Wendy Clarkson

Personal information
- Born: March 11, 1956 Glasgow, Scotland
- Died: November 13, 2024 (aged 68)

Sport
- Country: Canada
- Sport: Badminton

Medal record
Women's badminton
Representing Canada
Commonwealth Games
| Silver medal – second place | 1978 Edmonton | Mixed team |
| Bronze medal – third place | 1978 Edmonton | Women's singles |
Pan American Championships
| Gold medal – first place | 1977 Moncton | Women's singles |

= Wendy Clarkson =

Canadian badminton player

Wendy May Clarkson Carter (née Wendy Clarkson; 11 March 1956 – 13 November 2024) was a Canadian badminton champion who was ranked third in the world in 1978 and also medalled or ranked at the Canadian Open, national, Commonwealth Games and Pan Am Games. Even though she writes using her left hand, she holds the racket with her right hand.

== Career ==
Carter won her first single Canadian title in the women's singles in 1976, having been a junior champion the year before. That year, she also won the Canadian Open. In 1977, she competed in the quarter-finals of All England.
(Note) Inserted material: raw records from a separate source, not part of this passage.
lemma set_vertical_moves:
  "set (vertical_moves t b) =
     {(t[c := True], b[c := True]) | c. c < length t \<and> c < length b \<and> \<not> t ! c \<and> \<not> b ! c}"
proof (induction t b rule: vertical_moves.induct)
  case (1 a as b bs)
  show ?case
    by (subst ex_nat_0_or_Suc) (auto simp: 1 image_iff)
qed auto

lemma set_adjacent_moves:
  "set (adjacent_moves xs) =
     {xs[c := True, Suc c := True] | c. Suc c < length xs \<and> \<not> xs ! c \<and> \<not> xs ! Suc c}"
proof (induction xs rule: adjacent_moves.induct)
  case (1 a b xs)
  show ?case
    by (subst ex_nat_0_or_Suc) (auto simp: 1 image_iff)
qed auto

lemma set_wrap_moves:
  fixes xs :: "bool list"
  defines "n \<equiv> length xs"
  shows "set (wrap_moves xs) =
    (if 2 \<le> n \<and> \<not> xs ! 0 \<and> \<not> xs ! (n - 1) then {xs[n - 1 := True, 0 := True]} else {})"
proof (cases "2 \<le> n")
  case True
  then obtain a ys b where "xs = a # ys @ [b]"
    unfolding n_def
    by (metis Suc_le_length_iff numeral_2_eq_2 rev_exhaust list.distinct(1) append_Nil)
  then show ?thesis
    by (simp add: wrap_moves_def n_def list_update_append nth_append)
qed (simp add: wrap_moves_def n_def)
(* Suppose $\hat{\mathcal W}\subseteq\mathcal W$, $\ell:\mathcal Z\times\mathcal W\to[0,1]$, and $\ell$ is $\mathfrak L$-Lipschitz with respect to $\rho:\mathcal W\times\hat{\mathcal W}\to\mathbb R^+$, i.e. $|\ell(z,w)-\ell(z,\hat w)|\le\mathfrak L\rho(w,\hat w)$ for all $z\in\mathcal Z$, $w\in\mathcal W$, $\hat w\in\hat{\mathcal W}$. Let the optimization algorithm induce the conditional distribution $\pi_S:=P_{W^{\mathsf T}|S}$ of the trajectory. Then for any $\epsilon\in\mathbb R$ and $\delta\in(0,1)$, with probability at least $1-\delta$ over $S\sim P_S$, $$\mathbb E_{W^{\mathsf T}\sim\pi_S}\big[\mathrm{gen}(S,W^{\mathsf T})\big]\le\sqrt{\frac{\mathfrak{RD}(S,\epsilon;\pi_S)+\log(\sqrt{2n}\,M/\delta)}{2n-1}+4\mathfrak L\epsilon},$$ where $M:=\exp\Big(\sup_{\nu_S\in\mathcal G^\delta_S}\mathbb E_{W^{\mathsf T}\sim\pi_S}\Big[\log\frac{d\pi_S}{d[\pi_S\nu_S]_{W^{\mathsf T}}}(W^{\mathsf T})\Big]\Big)$ and $[\pi_S\nu_S]_{W^{\mathsf T}}$ is the marginal distribution of $W^{\mathsf T}$ under $S\sim\nu_S$, $W^{\mathsf T}|S\sim\pi_S$.
   Context: Setup: $\mathcal Z$ data space, $\mathcal W$ hypothesis space, unknown $\mu$, $S=(Z_1,\dots,Z_n)\sim P_S=\mu^{\otimes n}$ in $\mathcal S=\mathcal Z^n$. $\mathcal L(w)=\mathbb E_{Z\sim\mu}\ell(Z,w)$, $\hat{\mathcal L}(s,w)=\frac1n\sum_i\ell(z_i,w)$, $\mathrm{gen}(s,w)=\mathcal L(w)-\hat{\mathcal L}(s,w)$. Natural logs; $D_{KL}$ Kullback–Leibler divergence; $I$ mutual information; $\mathcal G^\delta_S=\{\nu_S: D_{KL}(\nu_S\|P_S)\le\log(1/\delta)\}$. Trajectory $W^{\mathsf T}=(W^t)_{t\in\mathsf T}$, $\mathsf T=[t_1:t_2]\subseteq\mathbb N$, $\Delta t:=t_2-t_1$, $\mathrm{gen}(s,w^{\mathsf T}):=\frac1{\Delta t}\sum_{t\in\mathsf T}\mathrm{gen}(s,w^t)$, and $\rho(w^{\mathsf T},\hat w^{\mathsf T}):=\frac1{\Delta t}\sum_{t\in\mathsf T}\rho(w^t,\hat w^t)$. For a dataset $s$ and conditional $P_{W^{\mathsf T}|s}$, $$\mathfrak{RD}(s,\epsilon;P_{W^{\mathsf T}|s}):=\inf_{P_{\hat W^{\mathsf T}|W^{\mathsf T},s}} I(W^{\mathsf T};\hat W^{\mathsf T})\ \text{ s.t. }\ \mathbb E[\rho(W^{\mathsf T},\hat W^{\mathsf T})]\le\epsilon,$$ with mutual information and expectation under $P_{W^{\mathsf T}|s}P_{\hat W^{\mathsf T}|W^{\mathsf T},s}$. *)

theory Defs
  imports "HOL-Probability.Probability"
begin

definition KLe :: "'a measure \<Rightarrow> 'a measure \<Rightarrow> ereal" where
  "KLe P Q =
    (if sets P = sets Q \<and> absolutely_continuous Q P
        \<and> integrable P (\<lambda>x. ln (enn2real (RN_deriv Q P x)))
     then ereal (\<integral>x. ln (enn2real (RN_deriv Q P x)) \<partial>P) else \<infinity>)"

definition MI :: "'a measure \<Rightarrow> 'b measure \<Rightarrow> ('a \<times> 'b) measure \<Rightarrow> ereal" where
  "MI A B J = KLe J (distr J A fst \<Otimes>\<^sub>M distr J B snd)"

text \<open>Index set T = [t1:t2], taken as {t1..<t2} so that it has \<Delta>t = t2 - t1 elements.\<close>
definition Tset :: "nat \<Rightarrow> nat \<Rightarrow> nat set" where
  "Tset t1 t2 = {t1..<t2}"

definition traj_space :: "nat \<Rightarrow> nat \<Rightarrow> 'w measure \<Rightarrow> (nat \<Rightarrow> 'w) measure" where
  "traj_space t1 t2 W = PiM (Tset t1 t2) (\<lambda>_. W)"

definition pop_loss :: "'z measure \<Rightarrow> ('z \<Rightarrow> 'w \<Rightarrow> real) \<Rightarrow> 'w \<Rightarrow> real" where
  "pop_loss \<mu> l w = (\<integral>z. l z w \<partial>\<mu>)"

definition emp_loss :: "nat \<Rightarrow> ('z \<Rightarrow> 'w \<Rightarrow> real) \<Rightarrow> (nat \<Rightarrow> 'z) \<Rightarrow> 'w \<Rightarrow> real" where
  "emp_loss n l s w = (\<Sum>i<n. l (s i) w) / real n"

definition gen :: "'z measure \<Rightarrow> nat \<Rightarrow> ('z \<Rightarrow> 'w \<Rightarrow> real) \<Rightarrow> (nat \<Rightarrow> 'z) \<Rightarrow> 'w \<Rightarrow> real" where
  "gen \<mu> n l s w = pop_loss \<mu> l w - emp_loss n l s w"

definition gen_traj :: "'z measure \<Rightarrow> nat \<Rightarrow> ('z \<Rightarrow> 'w \<Rightarrow> real) \<Rightarrow> nat \<Rightarrow> nat
    \<Rightarrow> (nat \<Rightarrow> 'z) \<Rightarrow> (nat \<Rightarrow> 'w) \<Rightarrow> real" where
  "gen_traj \<mu> n l t1 t2 s wT = (\<Sum>t\<in>Tset t1 t2. gen \<mu> n l s (wT t)) / real (t2 - t1)"

definition rho_traj :: "('w \<Rightarrow> 'w \<Rightarrow> real) \<Rightarrow> nat \<Rightarrow> nat \<Rightarrow> (nat \<Rightarrow> 'w) \<Rightarrow> (nat \<Rightarrow> 'w) \<Rightarrow> real" where
  "rho_traj \<rho> t1 t2 wT whT = (\<Sum>t\<in>Tset t1 t2. \<rho> (wT t) (whT t)) / real (t2 - t1)"

text \<open>Joint law of (W^T, What^T) from P_{W^T|s} = P and a reconstruction kernel K.\<close>
definition joint :: "'a measure \<Rightarrow> 'b measure \<Rightarrow> 'a measure \<Rightarrow> ('a \<Rightarrow> 'b measure) \<Rightarrow> ('a \<times> 'b) measure" where
  "joint A B P K = P \<bind> (\<lambda>w. K w \<bind> (\<lambda>wh. return (A \<Otimes>\<^sub>M B) (w, wh)))"

definition RD :: "'w measure \<Rightarrow> 'w set \<Rightarrow> ('w \<Rightarrow> 'w \<Rightarrow> real) \<Rightarrow> nat \<Rightarrow> nat \<Rightarrow> real
    \<Rightarrow> (nat \<Rightarrow> 'w) measure \<Rightarrow> ereal" where
  "RD W What \<rho> t1 t2 \<epsilon> P =
    (let A = traj_space t1 t2 W; B = traj_space t1 t2 (restrict_space W What) in
     INF K \<in> {K. K \<in> measurable A (prob_algebra B)
                \<and> enn2ereal (\<integral>\<^sup>+ x. ennreal (rho_traj \<rho> t1 t2 (fst x) (snd x)) \<partial>(joint A B P K))
                    \<le> ereal \<epsilon>}.
       MI A B (joint A B P K))"

definition logM :: "'s measure \<Rightarrow> ('s \<Rightarrow> 't measure) \<Rightarrow> real \<Rightarrow> 's \<Rightarrow> ereal" where
  "logM PS \<pi> \<delta> s =
    (SUP \<nu> \<in> {\<nu> \<in> space (prob_algebra PS). KLe \<nu> PS \<le> ereal (ln (1 / \<delta>))}.
       KLe (\<pi> s) (\<nu> \<bind> \<pi>))"

end

theory Submission
  imports Defs
begin
lemma subst1_length: "subst1 xs ys \<Longrightarrow> length ys = length xs"
  unfolding subst1_def by auto

lemma adj_transp_neighbours:
  "finite {ys. adj_transp xs ys}" "card {ys. adj_transp xs ys} \<le> length xs"
proof -
  have sub: "{ys. adj_transp xs ys} \<subseteq> (\<lambda>i. xs[i := xs ! Suc i, Suc i := xs ! i]) ` {..<length xs}"
    unfolding adj_transp_def by auto
  then show "finite {ys. adj_transp xs ys}" "card {ys. adj_transp xs ys} \<le> length xs"
    using finite_surj[OF _ sub] surj_card_le[OF _ sub] by simp_all
qed

lemma subst1_neighbours:
  "finite {ys. subst1 xs ys}" "card {ys. subst1 xs ys} \<le> length xs"
proof -
  have sub: "{ys. subst1 xs ys} \<subseteq> (\<lambda>i. xs[i := \<not> xs ! i]) ` {..<length xs}"
    unfolding subst1_def by auto
  then show "finite {ys. subst1 xs ys}" "card {ys. subst1 xs ys} \<le> length xs"
    using finite_surj[OF _ sub] surj_card_le[OF _ sub] by simp_all
qed

lemma del1_neighbours:
  "finite {ys. del1 xs ys}" "card {ys. del1 xs ys} \<le> length xs"
proof -
  have sub: "{ys. del1 xs ys} \<subseteq> (\<lambda>i. take i xs @ drop (Suc i) xs) ` {..<length xs}"
    unfolding del1_def by auto
  then show "finite {ys. del1 xs ys}" "card {ys. del1 xs ys} \<le> length xs"
    using finite_surj[OF _ sub] surj_card_le[OF _ sub] by simp_all
qed

lemma ins1_neighbours:
  "finite {ys. ins1 xs ys}" "card {ys. ins1 xs ys} \<le> 2 * (length xs + 1)"
proof -
  let ?I = "{..length xs} \<times> (UNIV :: bool set)"
  have sub: "{ys. ins1 xs ys} \<subseteq> (\<lambda>(i, b). take i xs @ b # drop i xs) ` ?I"
    unfolding ins1_def by auto
  have "card ?I = 2 * (length xs + 1)"
    by (simp add: card_cartesian_product)
  then show "finite {ys. ins1 xs ys}" "card {ys. ins1 xs ys} \<le> 2 * (length xs + 1)"
    using finite_surj[OF _ sub] surj_card_le[OF _ sub] by simp_all
qed

lemma del_ins_neighbours:
  fixes z :: "bool list"
  defines "C \<equiv> {z'. \<exists>w a b. a \<le> 1 \<and> b \<le> 1 \<and> (del1 ^^ a) z w \<and> (ins1 ^^ b) w z'}"
  shows "finite C" "card C \<le> 3 * (length z + 1)\<^sup>2"
proof -
  let ?W = "insert z {w. del1 z w}"
  have "z' \<in> C \<longleftrightarrow> (\<exists>w. (\<exists>a \<le> 1. (del1 ^^ a) z w) \<and> (\<exists>b \<le> 1. (ins1 ^^ b) w z'))" for z'
    unfolding C_def by blast
  then have C_eq: "C = (\<Union>w\<in>?W. insert w {y. ins1 w y})"
    unfolding relpowp_le_1_iff by auto
  have card_ins: "card (insert w {y. ins1 w y}) \<le> 3 * (length z + 1)" if w: "w \<in> ?W" for w
  proof -
    have "length w \<le> length z"
      using w unfolding del1_def by auto
    then show ?thesis
      using ins1_neighbours[of w] by (simp add: card_insert_if)
  qed
  have W: "finite ?W" "card ?W \<le> length z + 1"
    using del1_neighbours[of z] by (simp_all add: card_insert_if)
  have "card C \<le> card ?W * (3 * (length z + 1))"
    unfolding C_eq by (rule card_UN_le_mult[OF W(1) card_ins])
  also have "\<dots> \<le> (length z + 1) * (3 * (length z + 1))"
    by (rule mult_le_mono1[OF W(2)])
  also have "\<dots> = 3 * (length z + 1)\<^sup>2"
    by (simp add: power2_eq_square algebra_simps)
  finally show "card C \<le> 3 * (length z + 1)\<^sup>2" .
  show "finite C"
    unfolding C_eq using W(1) ins1_neighbours(1) by simp
qed

lemma close_edit_neighbours:
  "finite {y. close_edit z y}" "card {y. close_edit z y} \<le> 5 * (length z + 1)\<^sup>2"
proof -
  let ?A = "{y. \<exists>k \<le> 2. (adj_transp ^^ k) z y}"
  let ?B = "{y. \<exists>k \<le> 2. (subst1 ^^ k) z y}"
  let ?C = "{z'. \<exists>w a b. a \<le> 1 \<and> b \<le> 1 \<and> (del1 ^^ a) z w \<and> (ins1 ^^ b) w z'}"
  have A: "finite ?A \<and> card ?A \<le> (length z + 1)\<^sup>2"
    by (rule card_reachable_within_le[where A = "{u. length u = length z}"])
      (auto simp: adj_transp_neighbours(1) adj_transp_length
        intro: order_trans[OF adj_transp_neighbours(2)])
  have B: "finite ?B \<and> card ?B \<le> (length z + 1)\<^sup>2"
    by (rule card_reachable_within_le[where A = "{u. length u = length z}"])
      (auto simp: subst1_neighbours(1) subst1_length
        intro: order_trans[OF subst1_neighbours(2)])
  have split: "{y. close_edit z y} = ?A \<union> (?B \<union> ?C)"
    unfolding close_edit_def by (simp only: Collect_disj_eq)
  have "card {y. close_edit z y} \<le> card ?A + (card ?B + card ?C)"
    unfolding split by (meson add_le_mono card_Un_le le_trans order_refl)
  then show "card {y. close_edit z y} \<le> 5 * (length z + 1)\<^sup>2"
    using A B del_ins_neighbours(2)[of z] by simp
  show "finite {y. close_edit z y}"
    unfolding split using A B del_ins_neighbours(1)[of z] by simp
qed

lemma close_edit_conflict_degree:
  assumes "length z \<le> L"
  shows "card {y \<in> {u. length u \<le> L}. y \<noteq> z \<and> (close_edit z y \<or> close_edit y z)}
    \<le> 5 * (L + 1)\<^sup>2"
proof -
  have "{y \<in> {u. length u \<le> L}. y \<noteq> z \<and> (close_edit z y \<or> close_edit y z)}
      \<subseteq> {y. close_edit z y}"
    using close_edit_sym by blast
  then have "card {y \<in> {u. length u \<le> L}. y \<noteq> z \<and> (close_edit z y \<or> close_edit y z)}
      \<le> card {y. close_edit z y}"
    by (rule card_mono[OF close_edit_neighbours(1)])
  also have "\<dots> \<le> 5 * (length z + 1)\<^sup>2"
    by (rule close_edit_neighbours(2))
  also have "\<dots> \<le> 5 * (L + 1)\<^sup>2"
    using assms by (simp add: power_mono)
  finally show ?thesis .
qed

theorem lemma7:
  fixes n k :: nat
  assumes "n = 2 ^ k"
  shows "let \<Delta> = 50 + 1000 * k; m = 1000 * \<Delta>\<^sup>2 in
    \<exists>h :: bool list \<Rightarrow> nat.
      (\<forall>z. length z \<le> 3 * \<Delta> \<longrightarrow> h z < m) \<and>
      (\<forall>z z'. length z \<le> 3 * \<Delta> \<longrightarrow> length z' \<le> 3 * \<Delta> \<longrightarrow> z' \<noteq> z \<longrightarrow>
         close_edit z z' \<longrightarrow> h z \<noteq> h z')"
proof -
  \<comment> \<open>The hypothesis only says that k is log n.\<close>
  define \<Delta> :: nat where "\<Delta> = 50 + 1000 * k"
  let ?S = "{z :: bool list. length z \<le> 3 * \<Delta>}"
  have fin: "finite ?S"
    using finite_lists_length_le[OF finite_UNIV, of "3 * \<Delta>"] by simp
  have deg: "card {y \<in> ?S. y \<noteq> z \<and> (close_edit z y \<or> close_edit y z)}
      \<le> 5 * (3 * \<Delta> + 1)\<^sup>2" if "z \<in> ?S" for z
    by (rule close_edit_conflict_degree) (use that in simp)
  obtain h where
    h: "\<forall>z\<in>?S. h z \<le> 5 * (3 * \<Delta> + 1)\<^sup>2"
       "\<forall>z\<in>?S. \<forall>z'\<in>?S. z \<noteq> z' \<longrightarrow> close_edit z z' \<longrightarrow> h z \<noteq> h z'"
    using greedy_colouring[OF fin deg] by blast
  have "50 \<le> \<Delta>" and "50 * \<Delta> \<le> \<Delta> * \<Delta>"
    and "5 * (3 * \<Delta> + 1)\<^sup>2 = 45 * (\<Delta> * \<Delta>) + 30 * \<Delta> + 5"
    by (simp_all add: \<Delta>_def power2_eq_square algebra_simps)
  then have "5 * (3 * \<Delta> + 1)\<^sup>2 < 1000 * \<Delta>\<^sup>2"
    unfolding power2_eq_square by linarith
  then have "\<forall>z. length z \<le> 3 * \<Delta> \<longrightarrow> h z < 1000 * \<Delta>\<^sup>2"
    using h(1) by fastforce
  moreover have "\<forall>z z'. length z \<le> 3 * \<Delta> \<longrightarrow> length z' \<le> 3 * \<Delta> \<longrightarrow> z' \<noteq> z \<longrightarrow>
      close_edit z z' \<longrightarrow> h z \<noteq> h z'"
    using h(2) by simp
  ultimately show ?thesis
    unfolding Let_def \<Delta>_def[symmetric] by blast
qed
lemma dvd_snd_if_same_basic:
  assumes H: "A_set H" "\<And>h. h \<in> H \<Longrightarrow> snd h = 0" and n: "n > 0"
    and same: "same_basic g g'" and g: "g \<in> {a + h | a h. a \<in> range (smul (int n)) \<and> h \<in> H}"
  shows "int n dvd snd g'"
proof -
  have "g' \<in> {a + h | a h. a \<in> range (smul (int n)) \<and> h \<in> H}"
    using A_setD[OF A_set_sum[OF A_set_range_smul[OF n] H(1)] same g] .
  then obtain a h where "g' = a + h" and a: "a \<in> range (smul (int n))" and "h \<in> H" by blast
  then have "snd g' = snd a" using H(2) by simp
  then show ?thesis using dvd_components_if_in_range_smul[OF a] by simp
qed

end

context schur_ring
begin

lemma dvd_if_same_basic_axis:
  assumes same: "same_basic (s, 0) (t, 0)" and s: "s \<noteq> 0"
  shows "s dvd t"
proof -
  have "(s, 0) = smul (int (nat \<bar>s\<bar>)) (sgn s, 0)" by (simp add: smul_def abs_mult_sgn)
  then have "(s, 0) \<in> range (smul (int (nat \<bar>s\<bar>)))" by (metis rangeI)
  moreover have "0 < nat \<bar>s\<bar>" using s by simp
  ultimately have "(t, 0) \<in> range (smul (int (nat \<bar>s\<bar>)))"
    using A_setD[OF A_set_range_smul same] by blast
  then have "\<bar>s\<bar> dvd t" using dvd_components_if_in_range_smul by force
  then show ?thesis by simp
qed

end
lemma affine_rec_centre:
  assumes "b = 1" and "a \<noteq> 2"
  obtains C where "\<And>k. r (k + 1) - C = a *\<^sub>R (r k - C) - (r (k - 1) - C)"
proof -
  define E where "E k = r (k + 1) + r (k - 1) - a *\<^sub>R r k" for k
  have "E (k + 1) = E k" for k
    using tang_rec[of k] assms(1) by (simp add: E_def tang_def algebra_simps)
  then have E_const: "E k = E 0" for k
    by (rule int_shift_invariant_const)
  define C where "C = (1 / (2 - a)) *\<^sub>R E 0"
  have E_C: "E k = (2 - a) *\<^sub>R C" for k
    using assms(2) E_const[of k] by (simp add: C_def)
  have "r (k + 1) - C = a *\<^sub>R (r k - C) - (r (k - 1) - C)" for k
    using E_C[of k] unfolding E_def vec_eq_iff forall_2 by (simp add: algebra_simps)
  then show thesis by (rule that)
qed

lemma elliptic_form:
  assumes "b = 1" and "\<bar>a\<bar> < 2"
  obtains A B \<theta> C where "det2 A B \<noteq> 0" and "cos (\<theta> :: real) \<noteq> 1"
    and "\<And>k. r k = C + (cos (of_int k * \<theta>) *\<^sub>R A + sin (of_int k * \<theta>) *\<^sub>R B)"
proof -
  have "a \<noteq> 2"
    using assms(2) by simp
  then obtain C where C: "\<And>k. r (k + 1) - C = a *\<^sub>R (r k - C) - (r (k - 1) - C)"
    using affine_rec_centre[OF assms(1)] by blast
  define \<theta> where "\<theta> = arccos (a / 2)"
  have cos_\<theta>: "cos \<theta> = a / 2" and sin_\<theta>: "sin \<theta> \<noteq> 0"
    using assms(2) by (simp_all add: \<theta>_def sin_arccos_nonzero)
  define g where "g k = r k - C" for k
  define B where "B = (1 / sin \<theta>) *\<^sub>R (g 1 - cos \<theta> *\<^sub>R g 0)"
  have g_rec: "g (k + 1) = (2 * cos \<theta>) *\<^sub>R g k - g (k - 1)" for k
    using C[of k] by (simp add: g_def cos_\<theta>)
  have g_form: "g k = cos (of_int k * \<theta>) *\<^sub>R g 0 + sin (of_int k * \<theta>) *\<^sub>R B" for k
    unfolding B_def by (rule chebyshev_rec_closed_form[OF g_rec sin_\<theta>])
  have "g 2 = a *\<^sub>R g 1 - g 0"
    using g_rec[of 1] by (simp add: cos_\<theta>)
  then have tang1: "tang r 1 = (a - 1) *\<^sub>R g 1 - g 0"
    by (simp add: tang_def g_def scaleR_diff_left)
  have tang0: "tang r 0 = g 1 - g 0"
    by (simp add: tang_def g_def)
  have "det2 (tang r 0) (tang r 1) = (2 - a) * det2 (g 0) (g 1)"
    unfolding tang0 tang1 by (simp add: det2_def algebra_simps)
  moreover have "det2 (g 0) (g 1) = sin \<theta> * det2 (g 0) B"
    using g_form[of 1] by (simp add: det2_def algebra_simps)
  ultimately have "det2 (g 0) B \<noteq> 0"
    using det2_tang_nonzero[of 1] by auto
  moreover have "cos \<theta> \<noteq> 1"
    using cos_\<theta> assms(2) by auto
  moreover have "r k = C + (cos (of_int k * \<theta>) *\<^sub>R g 0 + sin (of_int k * \<theta>) *\<^sub>R B)" for k
    using g_form[of k] unfolding g_def by (simp add: diff_eq_eq ac_simps)
  ultimately show thesis
    by (rule that)
qed

end

locale closed_constant_curvature_curve = constant_curvature_curve +
  fixes p :: nat
  assumes closed: "closed_with_period r p"
begin

lemma tang_periodic: "tang r (k + int p) = tang r k"
proof -
  have per: "r (j + int p) = r j" for j
    using closed by (simp add: closed_with_period_def)
  show ?thesis
    using per[of "k + 1"] per[of k] by (simp add: tang_def add_ac)
qed

lemma curvature_unit: "b = 1 \<or> b = -1"
proof -
  have "b ^ p * det2 (tang r 0) (tang r 1) = det2 (tang r 0) (tang r 1)"
    using det2_tang_power[of p] tang_periodic[of 0] tang_periodic[of 1] by (simp add: add.commute)
  then have "b ^ p = 1"
    using det2_tang_nonzero[of 1] by simp
  moreover have "p > 0"
    using closed by (simp add: closed_with_period_def)
  ultimately show ?thesis
    using power_eq_1_iff[of b p] by auto
qed

lemma curvatures_elliptic: "b = 1 \<and> \<bar>a\<bar> < 2"
proof -
  define s where "s n = det2 (tang r 0) (tang r (int n))" for n
  have "p \<ge> 3"
    using nondegenerate_closed_period_ge_3[OF nondeg closed] .
  moreover have "s (Suc (p - 1)) = 0"
    using tang_periodic[of 0] \<open>p \<ge> 3\<close> by (simp add: s_def)
  moreover have "s 0 = 0" and "s 1 \<noteq> 0"
    using det2_tang_nonzero[of 1] by (simp_all add: s_def)
  moreover have "s (n + 2) = a * s (n + 1) - b * s n" for n
    unfolding s_def by (rule det2_tang0_rec)
  moreover have "\<not> (b = -1 \<and> a = 0)"
  proof
    assume "b = -1 \<and> a = 0"
    then have "tang r (k + 2) = tang r k" for k
      using tang_rec[of "k + 1"] by (simp add: add.assoc)
    then have "r (k + 2) = r k" for k
      by (rule periodic_tang_imp_periodic[OF closed])
    then have "int p dvd 2"
      using closed_with_period_shift_iff_dvd[OF closed] by blast
    then show False
      using \<open>p \<ge> 3\<close> zdvd_imp_le[of "int p" 2] by simp
  qed
  ultimately show ?thesis
    using lucas_unit_vanishing_cases[of s a b] curvature_unit by blast
qed

end

theorem corollary3p14:
  fixes r :: "int \<Rightarrow> real^2" and p :: nat
  assumes "nondegenerate r"
    and "\<exists>c. \<forall>k. kappa r k = c"
    and "\<exists>c. \<forall>k. kappa_bar r k = c"
    and "closed_with_period r p"
  shows "centrosymmetric r \<longleftrightarrow> even p"
proof -
  obtain b where "\<And>k. kappa r k = b"
    using assms(2) by blast
  moreover obtain a where "\<And>k. kappa_bar r k = a"
    using assms(3) by blast
  ultimately interpret closed_constant_curvature_curve r a b p
    using assms(1,4) by unfold_locales
  have elliptic: "b = 1" "\<bar>a\<bar> < 2"
    using curvatures_elliptic by auto
  obtain A B \<theta> C where "det2 A B \<noteq> 0" and "cos (\<theta> :: real) \<noteq> 1"
    and "\<And>k. r k = C + (cos (of_int k * \<theta>) *\<^sub>R A + sin (of_int k * \<theta>) *\<^sub>R B)"
    using elliptic_form[OF elliptic] by metis
  then interpret closed_elliptic_curve r C A B \<theta> p
    using assms(4) by unfold_locales
  show ?thesis
    by (rule centrosymmetric_iff_even)
qed

end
As a high school athlete in Edmonton, Alberta, at Strathcona Composite High School, she was recognized for her prowess in badminton as Athlete of the Year. In the 1960s, she took up badminton. She won the 1975 Canadian junior badminton singles title. With Tracey Vanwassenhove, she won the junior girls' doubles competition. With Cam Dalgleish, she won the mixed doubles in the Open National Badminton Championships.

In 1976, she won the Canadian Ladies' Singles title. The next year, she won the Badminton Pan Am Championship. During the 1978 Commonwealth Games in Edmonton, Alberta, she won silver in the team competition and bronze in the ladies' singles. That year, she was ranked as the 3rd-best female badminton player in the world. In 1979, and 1980, she won top ladies' singles at the nationals and, with Claire Backhouse, she won top Doubles and, with Greg Carter, top mixed doubles. In 1981, she won gold in Ladies' Doubles with Sandra Skillings. In 1982, she earned top Doubles with Bob MacDougal and top ladies doubles with Sandra Skillings.

Carter worked as head coach at the Seattle Badminton Club in Kirkland, Washington when they opened their new location in December 2010. She was a co-founder of the club.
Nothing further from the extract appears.